18. Разоблачение атамана
Махно возвращался, чуть ли не втрое увеличив свой отряд за счёт красноармейцев и добровольцев Песчаного Брода, имея уже 300 сабель и столько же штыков, 2 пушки и около 20 пулемётов. В одной тачанке с ним ехала его законная жена, черноволосая, темноглазая красавица Галина, которую повстанцы уже успели наречь «нашей матерью». Оно и понятно — раз муж батько, то она матка. И в пути нет-нет да и запевали: «Ой ты, Галю, Галю молодая, ой поидим с нами с нами-казаками...», явно намекая на спутницу.
При въезде в село Осетняжку повстанцев встретил летящий по улице пух, откуда-то вывернулся Серёгин, впрыгнул в тачанку к Махно.
— Ой, худо, Нестор Иванович, Григорьев что-то почуял.
— Как почуял? Он что, собака?
— Та увидел, что после вашего отъезда хлопцы как-то нехорошо смотрят на него, и давай давить на наших. Мало того, начал громить еврейские семьи. Вон видите пух. Двух наших хлопцев расстрелял.
— За что?
— Да ведро картошки у попа накопали.
— А что ж Реввоенсовет?
— А что он?
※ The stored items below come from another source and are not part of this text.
(* Let $T=(V,E)$ be a tree with $\mathrm{pthin}(T)=2$, and let $\sigma$ be an ordering of $V$ and $S=\{V^0,V^1\}$ a partition of $V$ that are strongly consistent. Let $v_1,v_2,v_3$ be vertices with $v_1<v_2<v_3$ and $\deg(v_2)\ge 4$. Then there is no vertex $w\notin\{v_1,v_3\}$ adjacent to $v_2$ such that both the unique simple path from $v_2$ to $v_1$ and the unique simple path from $v_2$ to $v_3$ pass through $w$.
   Context: For a graph $G=(V,E)$, a linear ordering $<$ of $V$ and a partition of $V$ into classes are called strongly consistent if for every triple $r<s<t$ of vertices with $rt\in E$: if $r$ and $s$ belong to the same class then $st\in E$, and if $s$ and $t$ belong to the same class then $rs\in E$. The proper thinness $\mathrm{pthin}(G)$ is the minimum $k$ such that some ordering and some partition into $k$ classes are strongly consistent. *)

theory Defs
  imports Main
begin

definition graph :: "'a set \<Rightarrow> ('a \<Rightarrow> 'a \<Rightarrow> bool) \<Rightarrow> bool" where
  "graph V E \<longleftrightarrow> finite V \<and> (\<forall>u v. E u v \<longrightarrow> u \<in> V \<and> v \<in> V)
     \<and> (\<forall>u v. E u v \<longrightarrow> E v u) \<and> (\<forall>v. \<not> E v v)"

definition simple_path :: "('a \<Rightarrow> 'a \<Rightarrow> bool) \<Rightarrow> 'a list \<Rightarrow> 'a \<Rightarrow> 'a \<Rightarrow> bool" where
  "simple_path E p a b \<longleftrightarrow> p \<noteq> [] \<and> hd p = a \<and> last p = b \<and> distinct p
     \<and> (\<forall>i. Suc i < length p \<longrightarrow> E (p ! i) (p ! Suc i))"

definition connected_graph :: "'a set \<Rightarrow> ('a \<Rightarrow> 'a \<Rightarrow> bool) \<Rightarrow> bool" where
  "connected_graph V E \<longleftrightarrow> (\<forall>a\<in>V. \<forall>b\<in>V. \<exists>p. simple_path E p a b)"

definition is_cycle :: "('a \<Rightarrow> 'a \<Rightarrow> bool) \<Rightarrow> 'a list \<Rightarrow> bool" where
  "is_cycle E c \<longleftrightarrow> length c \<ge> 3 \<and> distinct c
     \<and> (\<forall>i. Suc i < length c \<longrightarrow> E (c ! i) (c ! Suc i)) \<and> E (last c) (hd c)"

definition tree :: "'a set \<Rightarrow> ('a \<Rightarrow> 'a \<Rightarrow> bool) \<Rightarrow> bool" where
  "tree V E \<longleftrightarrow> graph V E \<and> V \<noteq> {} \<and> connected_graph V E \<and> (\<nexists>c. is_cycle E c)"

definition degree :: "'a set \<Rightarrow> ('a \<Rightarrow> 'a \<Rightarrow> bool) \<Rightarrow> 'a \<Rightarrow> nat" where
  "degree V E v = card {u \<in> V. E v u}"

text \<open>Linear ordering of V given by an injective rank function ord (u < v iff ord u < ord v);
  partition into classes given by a class-labelling function cls.\<close>
definition strongly_consistent ::
  "'a set \<Rightarrow> ('a \<Rightarrow> 'a \<Rightarrow> bool) \<Rightarrow> ('a \<Rightarrow> nat) \<Rightarrow> ('a \<Rightarrow> nat) \<Rightarrow> bool" where
  "strongly_consistent V E ord cls \<longleftrightarrow>
     (\<forall>r\<in>V. \<forall>s\<in>V. \<forall>t\<in>V. ord r < ord s \<and> ord s < ord t \<and> E r t \<longrightarrow>
        (cls r = cls s \<longrightarrow> E s t) \<and> (cls s = cls t \<longrightarrow> E r s))"

definition pthin :: "'a set \<Rightarrow> ('a \<Rightarrow> 'a \<Rightarrow> bool) \<Rightarrow> nat" where
  "pthin V E = (LEAST k. \<exists>ord cls. inj_on ord V \<and> cls ` V \<subseteq> {..<k}
                          \<and> strongly_consistent V E ord cls)"

end

theory Submission
  imports Defs
begin

text \<open>
  Suppose such a \<open>w\<close> exists. As \<open>v2\<close> has at least three neighbours besides \<open>w\<close>, two
  of them, \<open>p\<close> and \<open>q \<noteq> w\<close>, lie on the same side of \<open>v2\<close>, say \<open>p < q < v2\<close>; the
  other case follows by reversing the ordering. Going from \<open>v1\<close> back to \<open>w\<close> and on to \<open>v3\<close>
  along tree paths gives a walk that avoids \<open>v2\<close> and all neighbours of \<open>q\<close>, starts below
  \<open>v2\<close> at a vertex not adjacent to \<open>v2\<close> and ends above \<open>v2\<close>. With only two classes,
  strong consistency gives \<open>cls q \<noteq> cls v2\<close> (otherwise \<open>p q v2\<close> is a triangle); at the first
  edge \<open>x y\<close> of the walk jumping over \<open>v2\<close> it forces \<open>q < x\<close>, \<open>cls x = cls q\<close> and
  \<open>x v2 \<in> E\<close>; and then the predecessor of \<open>x\<close> on the walk fits neither below nor above
  \<open>q\<close>. Trees are only used to be triangle-free and to have unique paths, and of
  \<open>pthin V E = 2\<close> only the two-class partition is needed.
\<close>

lemma graph_sym: "graph V E \<Longrightarrow> E u v \<Longrightarrow> E v u"
  unfolding graph_def by blast

lemma graph_irrefl: "graph V E \<Longrightarrow> \<not> E v v"
  unfolding graph_def by blast

lemma graph_edge_in_V: "graph V E \<Longrightarrow> E u v \<Longrightarrow> u \<in> V \<and> v \<in> V"
  unfolding graph_def by blast

lemma simple_path_successively: "simple_path E P a b \<Longrightarrow> successively E P"
  unfolding simple_path_def successively_conv_nth by blast

lemma simple_path_Cons:
  assumes "simple_path E P a b" "c \<notin> set P" "E c a"
  shows "simple_path E (c # P) c b"
  using assms unfolding simple_path_def by (auto simp: hd_conv_nth nth_Cons split: nat.split)

lemma simple_path_subset:
  assumes "graph V E" "simple_path E P a b" "a \<in> V"
  shows "set P \<subseteq> V"
proof
  fix u assume "u \<in> set P"
  then obtain i where i: "i < length P" "P ! i = u" by (auto simp: in_set_conv_nth)
  show "u \<in> V"
  proof (cases i)
    case 0
    then show ?thesis using assms i by (auto simp: simple_path_def hd_conv_nth)
  next
    case (Suc j)
    then have "E (P ! j) u" using assms(2) i unfolding simple_path_def by auto
    then show ?thesis using graph_edge_in_V[OF assms(1)] by blast
  qed
qed

lemma tree_no_triangle:
  assumes "tree V E" "E a b" "E b c" "E c a"
  shows False
proof -
  have "graph V E" using assms(1) unfolding tree_def by blast
  then have "is_cycle E [a, b, c]"
    using assms graph_irrefl[OF \<open>graph V E\<close>] unfolding is_cycle_def
    by (auto simp: less_Suc_eq nth_Cons')
  then show False using assms(1) unfolding tree_def by blast
qed

text \<open>Otherwise the initial segment of the path up to \<open>P ! j\<close> closes up into a cycle.\<close>
lemma tree_path_chord:
  assumes "tree V E" "simple_path E P a b" "j < length P" "E (P ! j) a"
  shows "j \<le> 1"
proof (rule ccontr)
  assume "\<not> j \<le> 1"
  define c where "c = take (Suc j) P"
  have "is_cycle E c"
    unfolding is_cycle_def
  proof (intro conjI allI impI)
    show "3 \<le> length c" "distinct c"
      using assms(2,3) \<open>\<not> j \<le> 1\<close> unfolding c_def simple_path_def by auto
    show "E (c ! i) (c ! Suc i)" if "Suc i < length c" for i
      using assms(2) that unfolding c_def simple_path_def by auto
    have "hd c = a"
      using assms(2) unfolding c_def simple_path_def by (simp add: hd_take)
    moreover have "last c = P ! j"
      using assms(3) unfolding c_def by (simp add: take_Suc_conv_app_nth)
    ultimately show "E (last c) (hd c)" using assms(4) by simp
  qed
  then show False using assms(1) unfolding tree_def by blast
qed

lemma tree_path_neighbour_second:
  assumes "tree V E" "simple_path E P v b" "u \<in> set P" "E v u"
  obtains A where "P = v # u # A"
proof -
  have G: "graph V E" using assms(1) unfolding tree_def by blast
  obtain j where j: "j < length P" "P ! j = u" using assms(3) by (metis in_set_conv_nth)
  have "P ! 0 = v" using assms(2) unfolding simple_path_def by (metis hd_conv_nth)
  then have "j \<noteq> 0" using j assms(4) graph_irrefl[OF G] by metis
  moreover have "j \<le> 1" using tree_path_chord[OF assms(1,2) j(1)] j graph_sym[OF G assms(4)] by simp
  ultimately have "j = 1" by simp
  then show thesis
    using that j \<open>P ! 0 = v\<close> by (cases P rule: remdups_adj.cases) auto
qed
Вы поуехали, и в нём стало григорьевцев в два раза больше. И потом Григорьев говорит: я главнокомандующий, плевал я на ваш Реввоенсовет.
— Завтра же, в субботу, соберёмся без григорьевцев. Надо поговорить.
— Где собираемся?
— В Сентове.
Вечером в субботу собрались махновцы, члены Реввоенсовета, и, быстро обсудив ситуацию, приняли единогласную резолюцию: атамана Григорьева пора ликвидировать, он позорит повстанчество, а главное, тайно связан с Деникиным, продался ему.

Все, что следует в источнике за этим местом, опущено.